Evenimentul Zilei
- Type: Daily newspaper
- Format: Berliner
- Owner: Editura Evenimentul și Capital
- Founder(s): Ion Cristoiu Cornel Nistorescu Mihai Cârciog [ro]
- Editor-in-chief: Simona Ionescu
- Founded: 22 June 1992; 33 years ago
- Ceased publication: 30 December 2019; 5 years ago (physical)
- Language: Romanian
- Headquarters: Romexpo (entrance B), Pavilion G4, 65-67 Mărăști Boulevard, Sector 1, Bucharest 011465
- Country: Romania
- ISSN: 1222-328X
- OCLC number: 896832327
- Website: www.evz.ro

= Evenimentul Zilei =

Online newspaper in Romania

Evenimentul Zilei is a formerly physical and now exclusively online newspaper in Romania. Its name translates to "The event of the day" or "Today's event".

==History and profile==
Evenimentul Zilei was founded by Ion Cristoiu, Cornel Nistorescu, and Mihai Cârciog, and the first issue was published on 22 June 1992. Ion Cristoiu, one of the 3 founders of the newspaper, was also its first director, but he is currently columnist at the same newspaper

The newspaper reached its peak daily circulation of 675,000 in 1993. In 1997 chief editor Ion Cristoiu quit and this job was taken by Cornel Nistorescu. The newspaper was purchased along with its parent company Expres Publishing in 1998 by the German company Gruner + Jahr (owned, in turn, by Bertelsmann), which later, in 2003 sold it to the Swiss press trust Ringier; at the time of purchase, Ringier representatives stated that there would be no direct or indirect intervention in the newspaper's editorial policy.
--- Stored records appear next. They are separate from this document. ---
lemma cara_utility_expansion:
  fixes u :: "real \<Rightarrow> real"
  assumes \<gamma>: "\<gamma> > 0" and u: "\<And>x. (u has_real_derivative exp (- \<gamma> * x)) (at x)"
  shows "u b = u a + exp (- \<gamma> * a) * (b - a) - cara_gap \<gamma> a b"
proof -
  define v where "v y = u y + exp (- \<gamma> * y) / \<gamma>" for y
  have "(v has_real_derivative 0) (at y)" for y
    unfolding v_def[abs_def] using \<gamma>
    by (auto intro!: derivative_eq_intros u)
  then have "v b = v a"
    by (metis DERIV_isconst_all)
  moreover have "exp (- \<gamma> * b) = exp (- \<gamma> * a) * exp (- \<gamma> * (b - a))"
    by (simp add: exp_add[symmetric] algebra_simps)
  ultimately show ?thesis
    using \<gamma> by (simp add: v_def cara_gap_def field_simps)
qed

lemma cara_utility_eq:
  fixes u :: "real \<Rightarrow> real"
  assumes "\<gamma> > 0" "\<And>x. (u has_real_derivative exp (- \<gamma> * x)) (at x)"
  shows "u b = u 0 + (1 - exp (- \<gamma> * b)) / \<gamma>"
  using cara_utility_expansion[OF assms, of b 0] assms(1) by (simp add: cara_gap_def field_simps)

section \<open>The equation for the deductible\<close>

locale exp_loss_model =
  fixes q lam \<gamma> \<theta> \<alpha> :: real
  assumes q_pos: "0 < q" and q_le_1: "q \<le> 1" and lam_pos: "0 < lam" and gamma_pos: "0 < \<gamma>"
    and theta_nonneg: "0 \<le> \<theta>" and alpha_nonneg: "0 \<le> \<alpha>"
    and risk_aversion_large: "\<gamma> * ((1 + \<theta>) + \<alpha> * (1 - 2 * q)) > 2 * \<alpha> * q * lam"
begin

abbreviation kt :: "real \<Rightarrow> real" where "kt \<equiv> ktilde \<theta> \<alpha>"

definition kt' :: "real \<Rightarrow> real" where "kt' p = 1 + \<theta> + \<alpha> * (1 - 2 * p)"

definition surv :: "real \<Rightarrow> real" where "surv x = q * exp (- lam * x)"

definition kS :: "real \<Rightarrow> real" where "kS x = kt' (surv x)"

lemma kS_eq: "kS x = 1 + \<theta> + \<alpha> * (1 - 2 * q * exp (- lam * x))"
  by (simp add: kS_def kt'_def surv_def)

lemma kt_has_real_derivative: "(kt has_real_derivative kt' p) (at p)"
  unfolding ktilde_def[abs_def] kt'_def by (auto intro!: derivative_eq_intros simp: algebra_simps)

lemma surv_has_real_derivative: "(surv has_real_derivative - lam * surv x) (at x)"
  unfolding surv_def[abs_def] by (auto intro!: derivative_eq_intros)

lemma kS_has_real_derivative: "(kS has_real_derivative 2 * \<alpha> * lam * surv x) (at x)"
  unfolding kS_def[abs_def] kt'_def
  by (auto intro!: derivative_eq_intros surv_has_real_derivative)

lemma surv_0 [simp]: "surv 0 = q"
  by (simp add: surv_def)

lemma surv_pos: "0 < surv x"
  using q_pos by (simp add: surv_def)

lemma surv_le_q: "0 \<le> x \<Longrightarrow> surv x \<le> q"
  using q_pos lam_pos by (simp add: surv_def mult_left_le)

lemma surv_strict_antimono: "x < y \<Longrightarrow> surv y < surv x"
  using q_pos lam_pos by (simp add: surv_def)

lemma kt'_q_pos: "0 < kt' q"
proof -
  have "0 < \<gamma> * kt' q"
    using risk_aversion_large alpha_nonneg q_pos lam_pos unfolding kt'_def
    by (smt (verit) mult_nonneg_nonneg)
  then show ?thesis
    using gamma_pos by (simp add: zero_less_mult_iff)
qed

lemma kS_ge: "0 \<le> x \<Longrightarrow> kt' q \<le> kS x"
  using surv_le_q[of x] alpha_nonneg by (simp add: kS_def kt'_def mult_left_mono)

lemma kS_pos: "0 \<le> x \<Longrightarrow> 0 < kS x"
  using kS_ge kt'_q_pos by fastforce

lemma kS_le: "kS x \<le> 1 + \<theta> + \<alpha>"
proof -
  have "0 \<le> \<alpha> * surv x"
    using surv_pos[of x] alpha_nonneg by simp
  then show ?thesis
    by (simp add: kS_def kt'_def algebra_simps)
qed

lemma kS_mono: "x \<le> y \<Longrightarrow> kS x \<le> kS y"
  using surv_strict_antimono[of x y] alpha_nonneg
  by (cases "x = y") (auto simp: kS_def kt'_def mult_left_mono)

text \<open>This is where the hypothesis on \<open>\<gamma>\<close> enters: it makes \<open>ell\<close> and \<open>mu\<close> below increasing.\<close>

lemma kS_derivative_less: "0 \<le> x \<Longrightarrow> 2 * \<alpha> * lam * surv x < \<gamma> * kS x"
proof -
  assume "0 \<le> x"
  have "2 * \<alpha> * (\<gamma> + lam) * surv x \<le> 2 * \<alpha> * (\<gamma> + lam) * q"
    using surv_le_q[OF \<open>0 \<le> x\<close>] alpha_nonneg gamma_pos lam_pos by (intro mult_left_mono) auto
  then show ?thesis
    using risk_aversion_large by (simp add: kS_def kt'_def algebra_simps)
qed

lemma kt_0 [simp]: "kt 0 = 0"
  by (simp add: ktilde_def)

lemma kt_nonneg: "0 \<le> p \<Longrightarrow> p \<le> 1 \<Longrightarrow> 0 \<le> kt p"
  using theta_nonneg alpha_nonneg by (simp add: ktilde_def power2_eq_square mult_left_le)

lemma kt_le_linear: "0 \<le> p \<Longrightarrow> kt p \<le> (1 + \<theta> + \<alpha>) * p"
  using alpha_nonneg by (simp add: ktilde_def algebra_simps power2_eq_square)

lemma kt_strict_mono: "0 \<le> p \<Longrightarrow> p < p' \<Longrightarrow> p' \<le> q \<Longrightarrow> kt p < kt p'"
proof -
  assume p: "0 \<le> p" "p < p'" "p' \<le> q"
  have "\<alpha> * (p + p') \<le> \<alpha> * (2 * q)"
    using p alpha_nonneg by (intro mult_left_mono) auto
  then have "0 < (1 + \<theta> + \<alpha>) - \<alpha> * (p + p')"
    using kt'_q_pos by (simp add: kt'_def algebra_simps)
  then have "0 < (p' - p) * ((1 + \<theta> + \<alpha>) - \<alpha> * (p + p'))"
    using p by simp
  also have "\<dots> = kt p' - kt p"
    by (simp add: ktilde_def algebra_simps power2_eq_square)
  finally show ?thesis by simp
qed

lemma kt_surv_strict_antimono: "0 \<le> x \<Longrightarrow> x < y \<Longrightarrow> kt (surv y) < kt (surv x)"
  using kt_strict_mono surv_pos surv_strict_antimono surv_le_q by (simp add: less_imp_le)

lemma kt_surv_eq: "kt (surv x) = surv x * kS x + \<alpha> * (surv x)\<^sup>2"
  by (simp add: ktilde_def kS_def kt'_def algebra_simps power2_eq_square)

definition ell :: "real \<Rightarrow> real" where "ell x = x - ln (kS x) / \<gamma>"

lemma ell_mono:
  assumes "0 \<le> x" "x \<le> y"
  shows "ell x \<le> ell y"
proof (rule DERIV_nonneg_imp_nondecreasing[OF \<open>x \<le> y\<close>])
  fix t assume "x \<le> t"
  then have "0 \<le> t" using assms by simp
  have "(ell has_real_derivative 1 - 2 * \<alpha> * lam * surv t / kS t / \<gamma>) (at t)"
    unfolding ell_def[abs_def] using kS_pos[OF \<open>0 \<le> t\<close>] gamma_pos
    by (auto intro!: derivative_eq_intros kS_has_real_derivative)
  moreover have "2 * \<alpha> * lam * surv t / kS t / \<gamma> \<le> 1"
    using kS_derivative_less[OF \<open>0 \<le> t\<close>] kS_pos[OF \<open>0 \<le> t\<close>] gamma_pos by (simp add: field_simps)
  ultimately show "\<exists>y. (ell has_real_derivative y) (at t) \<and> 0 \<le> y"
    by auto
qed

lemma ell_Lipschitz: "0 \<le> x \<Longrightarrow> x \<le> y \<Longrightarrow> ell y - ell x \<le> y - x"
  using kS_mono[of x y] kS_pos[of x] gamma_pos by (simp add: ell_def divide_right_mono)

definition mu :: "real \<Rightarrow> real" where "mu d = exp (\<gamma> * d) / kS d"

definition mu' :: "real \<Rightarrow> real" where
  "mu' d = exp (\<gamma> * d) * (\<gamma> * kS d - 2 * \<alpha> * lam * surv d) / (kS d)\<^sup>2"

lemma mu_pos: "0 \<le> d \<Longrightarrow> 0 < mu d"
  using kS_pos by (simp add: mu_def)

lemma mu'_pos:
  assumes "0 \<le> d"
  shows "0 < mu' d"
proof -
  have "0 < \<gamma> * kS d - 2 * \<alpha> * lam * surv d"
    using kS_derivative_less[OF assms] by simp
  then show ?thesis
    using kS_pos[OF assms] by (simp add: mu'_def)
qed

lemma mu_eq_exp_ell: "0 \<le> x \<Longrightarrow> mu x = exp (\<gamma> * ell x)"
  using kS_pos[of x] gamma_pos by (simp add: mu_def ell_def right_diff_distrib exp_diff)

lemma mu_has_real_derivative: "0 \<le> d \<Longrightarrow> (mu has_real_derivative mu' d) (at d)"
  unfolding mu_def[abs_def] mu'_def using kS_pos[of d]
  by (auto intro!: derivative_eq_intros kS_has_real_derivative simp: field_simps power2_eq_square)

lemma mu_at_top: "filterlim mu at_top at_top"
proof (rule filterlim_at_top_mono)
  have "filterlim (\<lambda>d. \<gamma> * d) at_top at_top"
    by (rule filterlim_tendsto_pos_mult_at_top[OF tendsto_const gamma_pos filterlim_ident])
  then have "filterlim (\<lambda>d. exp (\<gamma> * d)) at_top at_top"
    by (rule filterlim_compose[OF exp_at_top])
  then show "filterlim (\<lambda>d. exp (\<gamma> * d) / (1 + \<theta> + \<alpha>)) at_top at_top"
    unfolding divide_inverse using theta_nonneg alpha_nonneg
    by (intro filterlim_at_top_mult_tendsto_pos[OF tendsto_const]) auto
  show "eventually (\<lambda>d. exp (\<gamma> * d) / (1 + \<theta> + \<alpha>) \<le> mu d) at_top"
    using eventually_ge_at_top[of 0]
  proof eventually_elim
    case (elim d)
    then show ?case
      unfolding mu_def using kS_pos[of d] kS_le[of d] by (intro divide_left_mono) auto
  qed
qed

text \<open>\<open>Phi d\<close> is \<open>E[h(X)] - mu d\<close> for the marginal-utility ratio \<open>h\<close> of the contract with
  deductible \<open>d\<close> (cf. \<open>ExpX_h\<close>); the equation for \<open>d*\<close> is \<open>Phi d = 0\<close>.\<close>

definition Phi :: "real \<Rightarrow> real" where
  "Phi d = (1 - q) + q * lam * exp_primitive (\<gamma> - lam) d + mu d * (kt (surv d) - 1)"

lemma Phi_has_real_derivative:
  assumes "0 \<le> d"
  shows "(Phi has_real_derivative mu' d * (kt (surv d) - 1)) (at d)"
proof -
  have "(Phi has_real_derivative q * lam * exp ((\<gamma> - lam) * d)
          + (mu' d * (kt (surv d) - 1) + mu d * (kt' (surv d) * (- lam * surv d)))) (at d)"
    unfolding Phi_def[abs_def]
    by (auto intro!: derivative_eq_intros exp_primitive_has_real_derivative mu_has_real_derivative[OF assms]
        DERIV_chain2[OF kt_has_real_derivative surv_has_real_derivative])
  moreover have "mu d * kt' (surv d) * surv d = q * exp ((\<gamma> - lam) * d)"
    using kS_pos[OF assms]
    by (simp add: mu_def kS_def surv_def left_diff_distrib exp_diff exp_minus field_simps)
  ultimately show ?thesis
    by (simp add: algebra_simps)
qed

lemma Phi_continuous_on: "continuous_on {0..} Phi"
  by (rule continuous_at_imp_continuous_on) (auto intro: DERIV_isCont Phi_has_real_derivative)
In September 2004 more than 50 Evenimentul Zilei journalists protested Ringier's management decisions. Similar issues were raised at the same time at rival daily România liberă, owned by Germany's WAZ-Mediengruppe. At both papers, journalists have complained that foreign owners are telling them to lessen the political coverage and tone down their negative reporting of the government. Their concern has been echoed by a variety of organizations including the Open Society Foundations. After this scandal, Evenimentul Zilei became one of the most fervent attackers of the government's corruption. Nonetheless, Evenimentul Zilei remained "The biggest thorn in [Adrian] Nastase's side" throughout the 2004 Romanian elections.

Ten days after Năstase's defeat in the 13 December 2004 runoff elections, the Ringier group moved the EZ editor-in-chief, Dan Turturică, to Bacău (officially, to look into the possibility of starting a free newspaper there) and began changing the editorial policy, to become a tabloid. As a response, 80 journalists signed a protest against these decisions and organized rallies in front of the Swiss and EU embassies. Subsequent negotiations were unsuccessful and on 4 January 2005, 30 journalists resigned, in addition to another five that resigned several days earlier. Paid circulation dropped at least 40% from a high of over 100,000.

In 2010 Ringier sold its shares in the paper to Bobby Păunescu. In 2019, the newspaper ceased to exist on paper after 8650 numbers. From 1 January 2020, the team moved exclusively online.